New research has shown that the dangerous PF4 antibodies involved in vaccine-induced thrombosis (VITT) and similar disorders from common cold infections share identical molecular structures, highlighting implications for future vaccine development and disease management.
New research conducted by Flinders University and global specialists is deepening our knowledge of vaccine-induced immune thrombocytopenia and thrombosis (VITT). During the peak of the COVID-19 pandemic in 2021, VITT was recognized as a new condition linked to adenovirus vector-based vaccines, particularly the Oxford-AstraZeneca vaccine.
VITT was found to be caused by an unusually dangerous blood autoantibody directed against a protein termed platelet factor 4 (or PF4). In separate research in 2023, researchers from Canada, North America, Germany, and Italy described a virtually identical disorder with the same PF4 antibody that was fatal in some cases after natural adenovirus (common cold) infection.
Flinders University researchers Dr. Jing Jing Wang and Flinders Professor Tom Gordon, Head of Immunology at SA Pathology in South Australia, led a previous study in 2022 that cracked the molecular code of the PF4 antibody and identified a genetic risk factor related to an antibody gene termed IGLV3.21*02.
Collaborative Efforts and Future Implications
Now, the Flinders group has collaborated with this international group of researchers to find that the PF4 antibodies in both adenoviruses infection-associated VITT and classic adenoviral vectored VITT share identical molecular fingerprints or signatures.
The research will also have implications for improving vaccine development, says Flinders University researcher Dr. Wang, the first author on the new article that was published in the eminent New England Journal of Medicine.
“These findings, using a completely new approach for targeting blood antibodies developed at Flinders University, indicate a common triggering factor on virus and vaccine structures that initiates the pathological pF4 antibodies,” explains Professor Gordon.

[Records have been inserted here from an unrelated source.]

(* Let $n$ be a positive integer and let $a=(a_1,\ldots,a_n)$, $b=(b_1,\ldots,b_n)$ be vectors of nonnegative integers with $0\le a_k\le b_k$ for all $k\in[n]$. Then for all $j\in[n]$, \[\mathsf{invol}_j(b)\le \mathsf{invol}_j(a)\,n^{\|b-a\|_1}\prod_{k=1}^n\exp\!\left(\frac{b_k^2}{2k}\right),\] where $\|b-a\|_1=\sum_{k=1}^n|b_k-a_k|$.
   Context: For a vector $a$ of nonnegative integers and $m\ge1$ (with $m$ at most the length of $a$), $\mathsf{invol}_m(a)=\left(\prod_{k=1}^m k^{a_k}\right)\prod_{k=1}^m\sum_{j=0}^{\lfloor a_k/2\rfloor}\frac{(a_k)_{2j}}{(2k)^j j!}$, where $(x)_r=x(x-1)\cdots(x-r+1)$. *)

theory Defs
  imports Complex_Main
begin

definition falling_fact :: "real \<Rightarrow> nat \<Rightarrow> real" where
  "falling_fact x r = (\<Prod>i<r. x - real i)"

text \<open>Vectors a = (a_1,...,a_n) are represented as functions nat => nat,
  only the values at indices 1..m matter.\<close>
definition invol :: "nat \<Rightarrow> (nat \<Rightarrow> nat) \<Rightarrow> real" where
  "invol m a = (\<Prod>k=1..m. real k ^ a k) *
     (\<Prod>k=1..m. \<Sum>j=0..a k div 2.
        falling_fact (real (a k)) (2*j) / ((2 * real k) ^ j * fact j))"

end

theory Submission
  imports Defs
begin

text \<open>Write \<open>invol m a\<close> as the weight \<open>\<Prod>k. k ^ a\<^sub>k\<close> times the factors \<open>invol_factor k (a k)\<close>.
  Each factor lies between \<open>1\<close> and \<open>exp (a\<^sub>k\<^sup>2 / 2k)\<close>, because
  \<open>(a\<^sub>k)\<^sub>2\<^sub>j \<le> a\<^sub>k\<^sup>2\<^sup>j\<close> turns it into a partial sum of the exponential series.
  Raising \<open>a\<close> to \<open>b\<close> multiplies the weight by \<open>\<Prod>k. k ^ (b\<^sub>k - a\<^sub>k) \<le> n ^ \<parallel>b - a\<parallel>\<^sub>1\<close>.\<close>

lemma exp_partial_sum_le:
  fixes x :: real
  assumes "0 \<le> x"
  shows "(\<Sum>j\<le>N. x ^ j / fact j) \<le> exp x"
proof -
  have series: "(\<lambda>j. x ^ j / fact j) sums exp x"
    using exp_converges[of x] by (simp add: divide_inverse mult.commute)
  have "(\<Sum>j\<le>N. x ^ j / fact j) \<le> (\<Sum>j. x ^ j / fact j)"
    using series assms by (intro sum_le_suminf) (auto simp: sums_iff)
  also have "\<dots> = exp x"
    using series by (simp add: sums_iff)
  finally show ?thesis .
qed

lemma falling_fact_nonneg:
  assumes "real r \<le> x + 1"
  shows "0 \<le> falling_fact x r"
  unfolding falling_fact_def using assms by (intro prod_nonneg) auto

lemma falling_fact_le_power:
  assumes "0 \<le> x" and "real r \<le> x + 1"
  shows "falling_fact x r \<le> x ^ r"
proof -
  have "falling_fact x r \<le> (\<Prod>i<r. x)"
    unfolding falling_fact_def using assms by (intro prod_mono) auto
  then show ?thesis by simp
qed

definition invol_factor :: "nat \<Rightarrow> nat \<Rightarrow> real" where
  "invol_factor k m = (\<Sum>j=0..m div 2.
     falling_fact (real m) (2*j) / ((2 * real k) ^ j * fact j))"

lemma invol_eq_weight_mult_factors:
  "invol m a = (\<Prod>k=1..m. real k ^ a k) * (\<Prod>k=1..m. invol_factor k (a k))"
  unfolding invol_def invol_factor_def ..

lemma invol_factor_ge_1: "1 \<le> invol_factor k m"
proof -
  let ?term = "\<lambda>j. falling_fact (real m) (2*j) / ((2 * real k) ^ j * fact j)"
  have "\<And>j. j \<in> {0..m div 2} \<Longrightarrow> 0 \<le> ?term j"
    by (intro divide_nonneg_nonneg falling_fact_nonneg) auto
  then have "sum ?term {0} \<le> invol_factor k m"
    unfolding invol_factor_def by (intro sum_mono2) auto
  then show ?thesis by (simp add: falling_fact_def)
qed

lemma invol_factor_le_exp: "invol_factor k m \<le> exp (real m ^ 2 / (2 * real k))"
proof -
  have "invol_factor k m \<le> (\<Sum>j\<le>m div 2. (real m ^ 2 / (2 * real k)) ^ j / fact j)"
    unfolding invol_factor_def atLeast0AtMost
  proof (rule sum_mono)
    fix j assume "j \<in> {..m div 2}"
    then have "falling_fact (real m) (2*j) \<le> real m ^ (2*j)"
      by (intro falling_fact_le_power) auto
    then have "falling_fact (real m) (2*j) / ((2 * real k) ^ j * fact j)
        \<le> real m ^ (2*j) / ((2 * real k) ^ j * fact j)"
      by (intro divide_right_mono) auto
    also have "\<dots> = (real m ^ 2 / (2 * real k)) ^ j / fact j"
      by (simp add: power_divide power_mult)
    finally show "falling_fact (real m) (2*j) / ((2 * real k) ^ j * fact j)
        \<le> (real m ^ 2 / (2 * real k)) ^ j / fact j" .
  qed
  also have "\<dots> \<le> exp (real m ^ 2 / (2 * real k))"
    by (intro exp_partial_sum_le) simp
  finally show ?thesis .
qed

lemma weight_le_invol: "(\<Prod>k=1..m. real k ^ a k) \<le> invol m a"
proof -
  have "1 \<le> (\<Prod>k=1..m. invol_factor k (a k))"
    by (intro prod_ge_1 invol_factor_ge_1)
  moreover have "0 \<le> (\<Prod>k=1..m. real k ^ a k)"
    by (intro prod_nonneg) auto
  ultimately show ?thesis
    unfolding invol_eq_weight_mult_factors by (simp add: mult_le_cancel_left1)
qed

lemma invol_le_weight_mult_exp:
  "invol m a \<le> (\<Prod>k=1..m. real k ^ a k) * (\<Prod>k=1..m. exp (real (a k) ^ 2 / (2 * real k)))"
  unfolding invol_eq_weight_mult_factors
  by (intro mult_left_mono prod_mono prod_nonneg)
     (auto intro: invol_factor_le_exp order_trans[OF zero_le_one invol_factor_ge_1])

lemma weight_le_weight_mult_power_l1_dist:
  assumes "j \<le> n" and "1 \<le> n" and "\<forall>k\<in>{1..n}. a k \<le> b k"
  shows "(\<Prod>k=1..j. real k ^ b k)
    \<le> (\<Prod>k=1..j. real k ^ a k) * real n ^ (\<Sum>k=1..n. b k - a k)"
proof -
  have weight_a_nonneg: "0 \<le> (\<Prod>k=1..j. real k ^ a k)"
    by (intro prod_nonneg) auto
  have "(\<Prod>k=1..j. real k ^ b k) = (\<Prod>k=1..j. real k ^ a k * real k ^ (b k - a k))"
    using assms by (intro prod.cong) (auto simp: power_add[symmetric])
  also have "\<dots> = (\<Prod>k=1..j. real k ^ a k) * (\<Prod>k=1..j. real k ^ (b k - a k))"
    by (simp add: prod.distrib)
  also have "\<dots> \<le> (\<Prod>k=1..j. real k ^ a k) * (\<Prod>k=1..j. real n ^ (b k - a k))"
    using assms weight_a_nonneg by (intro mult_left_mono prod_mono) (auto intro: power_mono)
  also have "(\<Prod>k=1..j. real n ^ (b k - a k)) = real n ^ (\<Sum>k=1..j. b k - a k)"
    by (simp add: power_sum)
  also have "\<dots> \<le> real n ^ (\<Sum>k=1..n. b k - a k)"
    using assms by (intro power_increasing sum_mono2) auto
  finally show ?thesis
    using weight_a_nonneg by (simp add: mult_left_mono)
qed

theorem lemma5p3:
  fixes n :: nat and a b :: "nat \<Rightarrow> nat"
  assumes "n \<ge> 1"
    and "\<forall>k\<in>{1..n}. a k \<le> b k"
  shows "\<forall>j\<in>{1..n}. invol j b \<le>
     invol j a * real n ^ (\<Sum>k=1..n. b k - a k) *
     (\<Prod>k=1..n. exp (real (b k) ^ 2 / (2 * real k)))"
proof
  fix j assume j: "j \<in> {1..n}"
  let ?E = "\<lambda>k. exp (real (b k) ^ 2 / (2 * real k))"
  let ?N = "real n ^ (\<Sum>k=1..n. b k - a k)"
  have "invol j b \<le> (\<Prod>k=1..j. real k ^ b k) * (\<Prod>k=1..j. ?E k)"
    by (rule invol_le_weight_mult_exp)
  also have "\<dots> \<le> ((\<Prod>k=1..j. real k ^ a k) * ?N) * (\<Prod>k=1..n. ?E k)"
    using j assms
    by (intro mult_mono weight_le_weight_mult_power_l1_dist prod_mono2 prod_nonneg)
       (auto simp: mult_nonneg_nonneg prod_nonneg)
  also have "\<dots> \<le> invol j a * ?N * (\<Prod>k=1..n. ?E k)"
    by (intro mult_right_mono weight_le_invol prod_nonneg) auto
  finally show "invol j b \<le> invol j a * ?N * (\<Prod>k=1..n. ?E k)" .
qed

end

“Indeed, the pathways of lethal antibody production in these disorders must be virtually identical and have similar genetic risk factors. Our findings have the important clinical implication that lessons learned from VITT are applicable to rare cases of blood clotting after adenovirus (a common cold) infections, as well as having implications for vaccine development,” he says.
Reference: “Antibody Fingerprints Linking Adenoviral Anti-PF4 Disorders” by Jing Jing Wang, Linda Schönborn, Theodore E. Warkentin, Tim Chataway, Leonie Grosse, Paolo Simioni, Stephan Moll, Andreas Greinacher and Tom P. Gordon, 15 May 2024, New England Journal of Medicine.
DOI: 10.1056/NEJMc2402592
The research was supported by the German Research Foundation (Deutsche Forschungsgemeinschaft) and a European Medicines Agency service contract. Dr. Schönborn was supported by the ASH Global Research Award from the American Society of Hematology and by the Gerhard Domagk Research Program through the Medical University of Greifswald. Dr. Wang was supported by a Flinders Foundation Health Seed Grant.